The first step is to extend our main class:

case "index-faces":
    IndexFaces indf = new IndexFaces();
    indf.run(args);
    break;

The IndexFaces class expects at least two further arguments: a collection the detected faces should be inserted into and at least one image:

public class IndexFaces {

    public void run(String[] args) {

        if (args.length < 3) {
            System.err.println("Please provide a collection and images:   ... ");
            return;
        }

        AmazonRekognition rekognition = ClientFactory.createClient();

        String collectionId = args[1];
        for (int i = 2; i < args.length; i++) {

            String imageArg = args[i];
            Path path = Paths.get(imageArg);
            ByteBuffer byteBuffer;
            try {
                byte[] bytes = Files.readAllBytes(path);
                byteBuffer = ByteBuffer.wrap(bytes);
            } catch (IOException e) {
                System.err.println("Failed to read file '" + imageArg + "': " + e.getMessage());
                continue;
            }

            IndexFacesRequest request = new IndexFacesRequest()
                    .withCollectionId(collectionId)
                    .withDetectionAttributes("ALL")
                    .withImage(new Image().withBytes(byteBuffer))
                    .withExternalImageId(path.getFileName().toString());
            IndexFacesResult result = rekognition.indexFaces(request);

            System.out.println("Indexed image '" + imageArg + "':");

            List faceRecords = result.getFaceRecords();
            for (FaceRecord rec : faceRecords) {
                FaceDetail faceDetail = rec.getFaceDetail();
                BoundingBox bb = faceDetail.getBoundingBox();
                System.out.println("Bounding box: left=" + bb.getLeft() +
                        "; top=" + bb.getTop() +
                        "; width=" + bb.getWidth() +
                        "; height=" + bb.getHeight());

                Face face = rec.getFace();
                System.out.println("Face-ID: " + face.getFaceId() +
                        "\nImage ID: " + face.getImageId() +
                        "\nExternal Image ID: " + face.getExternalImageId() +
                        "\nConfidence: " + face.getConfidence());
            }
        }
    }
}

For each provided image a ByteBuffer containing the bytes of the image is constructed. This buffer is passed to an instance of IndexFacesRequest. The IndexFacesRequest also takes the collection ID and an external image ID to keep track of the provided image as Amazon will not store it. Additionally we also tell the service that all attributes should be detected. As mentioned before, per default only the basic attributes of a face are processed.
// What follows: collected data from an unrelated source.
(* Let $L/K$ be a vast extension of fields of characteristic $0$, and let $K'/K$ be a finite extension which is disjoint from $L/K$. Then the extension $LK'/K'$ is vast.
   Context: All fields lie in a fixed algebraic closure and have characteristic zero. Two algebraic extensions of $K$ are disjoint over $K$ if they are linearly disjoint over $K$. An algebraic extension $L/K$ is called vast if $L \neq K$ and for every finite extension $E/K$ there exists a subfield $M$ of $L$ with $M \supsetneq K$ such that $M$ and $E$ are disjoint over $K$. *)

theory Defs
  imports "HOL-Computational_Algebra.Polynomial"
begin

text \<open>All fields are subfields of an ambient algebraically closed field of
characteristic zero (the type 'a).\<close>

definition alg_closed_type :: "'a::field itself \<Rightarrow> bool" where
  "alg_closed_type _ \<longleftrightarrow> (\<forall>p::'a poly. degree p > 0 \<longrightarrow> (\<exists>x. poly p x = 0))"

definition is_subfield :: "'a::field set \<Rightarrow> bool" where
  "is_subfield F \<longleftrightarrow> 0 \<in> F \<and> 1 \<in> F \<and>
     (\<forall>x\<in>F. \<forall>y\<in>F. x + y \<in> F \<and> x - y \<in> F \<and> x * y \<in> F) \<and>
     (\<forall>x\<in>F. x \<noteq> 0 \<longrightarrow> inverse x \<in> F)"
lemma tcomb_in_Rideal_coeff_in_ambient:
  fixes c0 :: "'k::comm_ring_1 mpoly"
  assumes adm: "admissible_coeffs n c0 c" and R: "tcomb n c0 c \<in> Rideal n" and a: "0 < a"
  shows "c (k, a) \<in> ambient_Rideal (n - 1)"
proof -
  have "Phi n k (tcomb n c0 c) $$ (- int a) \<in> ambient_Rideal (n - 1)"
    using Phi_Rideal[OF R] unfolding ambient_Rideal_fls_def by blast
  also have "Phi n k (tcomb n c0 c) $$ (- int a) = (\<Sum>x\<in>{x. c x \<noteq> 0}. if x = (k, a) then c x else 0)"
  proof -
    have "c x * Phi n k (tpow n x) $$ (- int a) = (if x = (k, a) then c x else 0)" if "c x \<noteq> 0" for x
    proof -
      have "x \<in> shift_idx n"
        using that adm by (auto simp: admissible_coeffs_def)
      then obtain i b where x: "x = (i, b)" "i \<in> {1..n - 1}"
        by (cases x) (auto simp: shift_idx_def)
      then show ?thesis
        by (simp add: Phi_tpow_coeff[OF x(2) a])
    qed
    then show ?thesis
      using a by (simp add: Phi_tcomb_coeff[OF adm])
  qed
  also have "\<dots> = c (k, a)"
    using adm by (simp add: admissible_coeffs_def)
  finally show ?thesis .
qed

lemma tcomb_in_Rideal_const_in_ambient:
  fixes c0 :: "'k::comm_ring_1 mpoly"
  assumes adm: "admissible_coeffs n c0 c" and R: "tcomb n c0 c \<in> Rideal n"
    and coeffs: "\<forall>x. c x \<in> ambient_Rideal (n - 1)"
  shows "c0 \<in> ambient_Rideal (n - 1)"
proof -
  let ?s = "\<Sum>x\<in>{x. c x \<noteq> 0}. c x * Phi n k (tpow n x) $$ 0"
  have "Phi n k (tcomb n c0 c) $$ 0 \<in> ambient_Rideal (n - 1)"
    using Phi_Rideal[OF R] unfolding ambient_Rideal_fls_def by blast
  then have "c0 + ?s \<in> ambient_Rideal (n - 1)"
    by (simp add: Phi_tcomb_coeff[OF adm])
  moreover have "?s \<in> ambient_Rideal (n - 1)"
    using coeffs by (intro ambient_Rideal_sum ambient_Rideal_mult_right) auto
  ultimately show ?thesis
    using ambient_Rideal_diff by fastforce
qed

end

lemma tcomb_in_Rideal_imp_coeffs:
  fixes c0 :: "'k::comm_ring_1 mpoly"
  assumes "4 \<le> n" "admissible_coeffs n c0 c" "tcomb n c0 c \<in> Rideal n"
  shows "c0 \<in> Rideal (n - 1) \<and> (\<forall>x. c x \<in> Rideal (n - 1))"
proof -
  have coeffs: "c x \<in> ambient_Rideal (n - 1)" for x
  proof (cases "c x = 0")
    case False
    then obtain i a where "x = (i, a)" "i \<in> {1..n - 1}" "0 < a"
      using assms(2) by (cases x) (auto simp: admissible_coeffs_def shift_idx_def)
    then show ?thesis
      using tcomb_in_Rideal_coeff_in_ambient[of n i c0 c a] assms by simp
  qed (simp add: ambient_Rideal.zero)
  have "c0 \<in> ambient_Rideal (n - 1)"
    using assms coeffs by (intro tcomb_in_Rideal_const_in_ambient[of n 1]) auto
  moreover have "2 \<le> n - 1"
    using assms(1) by simp
  ultimately show ?thesis
    using assms(2) coeffs Salg_Int_ambient_Rideal unfolding admissible_coeffs_def by blast
qed

theorem lemma4p2:
  fixes n :: nat
  assumes "4 \<le> n"
  shows "\<exists>(b0 :: 'k::field mpoly) (b :: nat \<times> nat \<Rightarrow> 'k mpoly).
    b0 \<in> Salg n \<and> homog (\<lambda>_. 0) b0 \<and>
    (\<forall>(i, a)\<in>shift_idx n. b (i, a) \<in> Salg n \<and>
        homog (\<lambda>i'. if i' = i then a else 0) (b (i, a))) \<and>
    (\<forall>p\<in>Bminus_rep n. \<exists>c0 c. c0 \<in> Salg (n - 1) \<and>
        finite {x. c x \<noteq> 0} \<and> {x. c x \<noteq> 0} \<subseteq> shift_idx n \<and>
        (\<forall>x. c x \<in> Salg (n - 1)) \<and>
        p - (c0 * b0 + (\<Sum>x\<in>{x. c x \<noteq> 0}. c x * b x)) \<in> Rideal n) \<and>
    (\<forall>c0 c. c0 \<in> Salg (n - 1) \<and> finite {x. c x \<noteq> 0} \<and> {x. c x \<noteq> 0} \<subseteq> shift_idx n \<and>
        (\<forall>x. c x \<in> Salg (n - 1)) \<and>
        c0 * b0 + (\<Sum>x\<in>{x. c x \<noteq> 0}. c x * b x) \<in> Rideal n \<longrightarrow>
        c0 \<in> Rideal (n - 1) \<and> (\<forall>x. c x \<in> Rideal (n - 1)))"
proof (intro exI[of _ 1] exI[of _ "tpow n"] conjI)
  show "(1 :: 'k mpoly) \<in> Salg n" "homog (\<lambda>_. 0) (1 :: 'k mpoly)"
    by (rule Salg_one, rule homog_one)
  show "\<forall>(i, a)\<in>shift_idx n. (tpow n (i, a) :: 'k mpoly) \<in> Salg n \<and>
          homog (\<lambda>i'. if i' = i then a else 0) (tpow n (i, a) :: 'k mpoly)"
    using assms by (auto simp: shift_idx_def tpow_def intro!: Salg_power rvar_in_Salg homog_rvar_power)
  show "\<forall>p\<in>Bminus_rep n. \<exists>c0 c. c0 \<in> Salg (n - 1) \<and>
          finite {x. c x \<noteq> 0} \<and> {x. c x \<noteq> 0} \<subseteq> shift_idx n \<and> (\<forall>x. c x \<in> Salg (n - 1)) \<and>
          p - (c0 * 1 + (\<Sum>x\<in>{x. c x \<noteq> 0}. c x * tpow n x)) \<in> (Rideal n :: 'k mpoly set)"
    using Bminus_rep_spanned[OF assms, where 'k = 'k] unfolding spanned_def admissible_coeffs_def tcomb_def
    by simp
  show "\<forall>c0 c. c0 \<in> Salg (n - 1) \<and> finite {x. c x \<noteq> 0} \<and> {x. c x \<noteq> 0} \<subseteq> shift_idx n \<and>
          (\<forall>x. c x \<in> Salg (n - 1)) \<and> c0 * 1 + (\<Sum>x\<in>{x. c x \<noteq> 0}. c x * tpow n x) \<in> Rideal n \<longrightarrow>
          c0 \<in> Rideal (n - 1) \<and> (\<forall>x. c x \<in> (Rideal (n - 1) :: 'k mpoly set))"
    using tcomb_in_Rideal_imp_coeffs[OF assms, where 'k = 'k] unfolding admissible_coeffs_def tcomb_def by auto
qed

end
(* In the setting below, suppose the step size satisfies $0<\eta\le \frac{1}{L(K+1)}$. Then for every $k\ge 0$ the iterates of the PIAG method satisfy \[ F_{k+1}\le F_k-\frac{1}{2}\eta\|d_k\|^2+\eta^2\frac{L}{2}\sum_{j=(k-K)_+}^{k-1}\|d_j\|^2 . \]
   Context: Let $m,n\ge 1$ be integers and $\|\cdot\|$ the Euclidean norm on $\mathbb{R}^n$. For $i=1,\dots,m$, let $f_i:\mathbb{R}^n\to\mathbb{R}$ be continuously differentiable with $\|\nabla f_i(x)-\nabla f_i(y)\|\le L_i\|x-y\|$ for all $x,y$, where $L_i\ge 0$ (the $f_i$ are not assumed convex). Let $f=\frac1m\sum_{i=1}^m f_i$ and $L=\frac1m\sum_{i=1}^m L_i$. Assume $f$ is $\mu$-strongly convex for some $\mu>0$ (i.e. $x\mapsto f(x)-\frac{\mu}{2}\|x\|^2$ is convex). Let $r:\mathbb{R}^n\to(-\infty,\infty]$ be proper, closed and convex, let $F=f+r$, and let $x^*$ be the unique minimizer of $F$. For $\eta>0$ define $\mathrm{prox}_r^\eta(y)=\arg\min_{x\in\mathbb{R}^n}\{\frac12\|x-y\|^2+\eta r(x)\}$. PIAG method: fix an integer $K\ge 0$, a step size $\eta>0$ and $x_0\in\mathbb{R}^n$; for each $k\ge0$ and each $i$ let $\tau_{i,k}$ be any (deterministically chosen) integer with $\max(k-K,0)\le\tau_{i,k}\le k$; set $g_k=\frac1m\sum_{i=1}^m\nabla f_i(x_{\tau_{i,k}})$ and $x_{k+1}=\mathrm{prox}_r^\eta(x_k-\eta g_k)$. Define $d_k=(x_{k+1}-x_k)/\eta$ (equivalently $d_k=-g_k-h_{k+1}$, where $h_{k+1}\in\partial r(x_{k+1})$ is given by the optimality condition of the proximal step), and $F_k=F(x_k)-F(x^* )$. Write $(t)_+=\max(t,0)$; empty sums are zero. *)

theory Defs
  imports "HOL-Analysis.Analysis" "HOL-Library.Extended_Real"
begin

definition proper_fun :: "('a \<Rightarrow> ereal) \<Rightarrow> bool" where
  "proper_fun r \<longleftrightarrow> (\<forall>x. r x \<noteq> -\<infinity>) \<and> (\<exists>x. r x \<noteq> \<infinity>)"

definition epigraph_e :: "('a \<Rightarrow> ereal) \<Rightarrow> ('a \<times> real) set" where
  "epigraph_e r = {(x, t). r x \<le> ereal t}"

definition closed_fun :: "('a::topological_space \<Rightarrow> ereal) \<Rightarrow> bool" where
  "closed_fun r \<longleftrightarrow> closed (epigraph_e r)"

definition convex_fun :: "('a::real_vector \<Rightarrow> ereal) \<Rightarrow> bool" where
  "convex_fun r \<longleftrightarrow> convex (epigraph_e r)"

definition is_prox :: "('a::real_normed_vector \<Rightarrow> ereal) \<Rightarrow> real \<Rightarrow> 'a \<Rightarrow> 'a \<Rightarrow> bool" where
  "is_prox r \<eta> y p \<longleftrightarrow>
     (\<forall>z. ereal (norm (p - y)^2 / 2) + ereal \<eta> * r p \<le> ereal (norm (z - y)^2 / 2) + ereal \<eta> * r z)"

end

theory Submission
  imports Defs
begin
The response contains a list of face records. Each record consists of a FaceDetail and Face instance. We already know the FaceDetail class from the “Detect Faces” call, the Face class provides an internal face ID, an internal image ID, the external image ID we have provided and a confidence value.

Running the above code providing the previously created collection and two image results in the following output:

>java -jar target\rekognition-1.0-SNAPSHOT-jar-with-dependencies.jar index-faces my-coll img\dinner1.jpg img\dinner2.jpg

Indexed image 'img\dinner1.jpg':
Bounding box: left=0.35050505; top=0.12651515; width=0.18787879; height=0.28181818
Face-ID: 7c1f2f31-7d88-4bb3-98e4-040edfe3c60a
Image ID: e6dd5551-bd19-5377-94f4-db69730e7ba3
External Image ID: dinner1.jpg
Confidence: 99.99777

Indexed image 'img\dinner2.jpg':
Bounding box: left=0.45353535; top=0.09249432; width=0.3050505; height=0.45792267
Face-ID: 0c8f1a0f-e401-4caf-8a5f-ec06d175f486
Image ID: b1dd15e7-4d08-5489-a14b-dd0dc009143a
External Image ID: dinner2.jpg
Confidence: 99.999916

On each provided image Amazon Rekognition has detected one face and returned face ID, image ID and the external ID (in our case the filename). In both cases Amazon Rekognition is pretty sure that the bounding box contains a face.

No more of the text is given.